## Data
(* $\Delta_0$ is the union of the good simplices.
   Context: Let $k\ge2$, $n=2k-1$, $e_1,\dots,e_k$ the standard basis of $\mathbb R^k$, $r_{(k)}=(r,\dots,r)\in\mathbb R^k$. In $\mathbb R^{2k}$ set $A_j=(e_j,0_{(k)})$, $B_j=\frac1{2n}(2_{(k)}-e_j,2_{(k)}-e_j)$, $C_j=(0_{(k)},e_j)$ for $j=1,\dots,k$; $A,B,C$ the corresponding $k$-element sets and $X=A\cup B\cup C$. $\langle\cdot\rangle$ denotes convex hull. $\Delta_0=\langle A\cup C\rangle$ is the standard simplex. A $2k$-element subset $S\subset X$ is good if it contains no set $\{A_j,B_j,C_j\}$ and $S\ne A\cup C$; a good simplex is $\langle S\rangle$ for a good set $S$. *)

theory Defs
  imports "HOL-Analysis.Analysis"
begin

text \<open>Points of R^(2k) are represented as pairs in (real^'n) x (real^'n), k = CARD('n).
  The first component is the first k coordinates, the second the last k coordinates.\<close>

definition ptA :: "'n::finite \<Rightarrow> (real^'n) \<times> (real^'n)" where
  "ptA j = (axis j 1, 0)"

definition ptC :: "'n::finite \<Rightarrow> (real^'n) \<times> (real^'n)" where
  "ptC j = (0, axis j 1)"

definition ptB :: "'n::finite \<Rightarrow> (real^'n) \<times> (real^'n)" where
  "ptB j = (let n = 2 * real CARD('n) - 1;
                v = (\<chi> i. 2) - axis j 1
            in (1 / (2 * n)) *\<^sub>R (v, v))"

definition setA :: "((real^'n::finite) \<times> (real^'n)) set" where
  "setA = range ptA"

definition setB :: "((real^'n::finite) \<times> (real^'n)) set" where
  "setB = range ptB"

## Work required
Go through the records and show every line with the string "times" in it.

## Response area
definition ptA :: "'n::finite \<Rightarrow> (real^'n) \<times> (real^'n)" where
definition ptC :: "'n::finite \<Rightarrow> (real^'n) \<times> (real^'n)" where
definition ptB :: "'n::finite \<Rightarrow> (real^'n) \<times> (real^'n)" where
definition setA :: "((real^'n::finite) \<times> (real^'n)) set" where
definition setB :: "((real^'n::finite) \<times> (real^'n)) set" where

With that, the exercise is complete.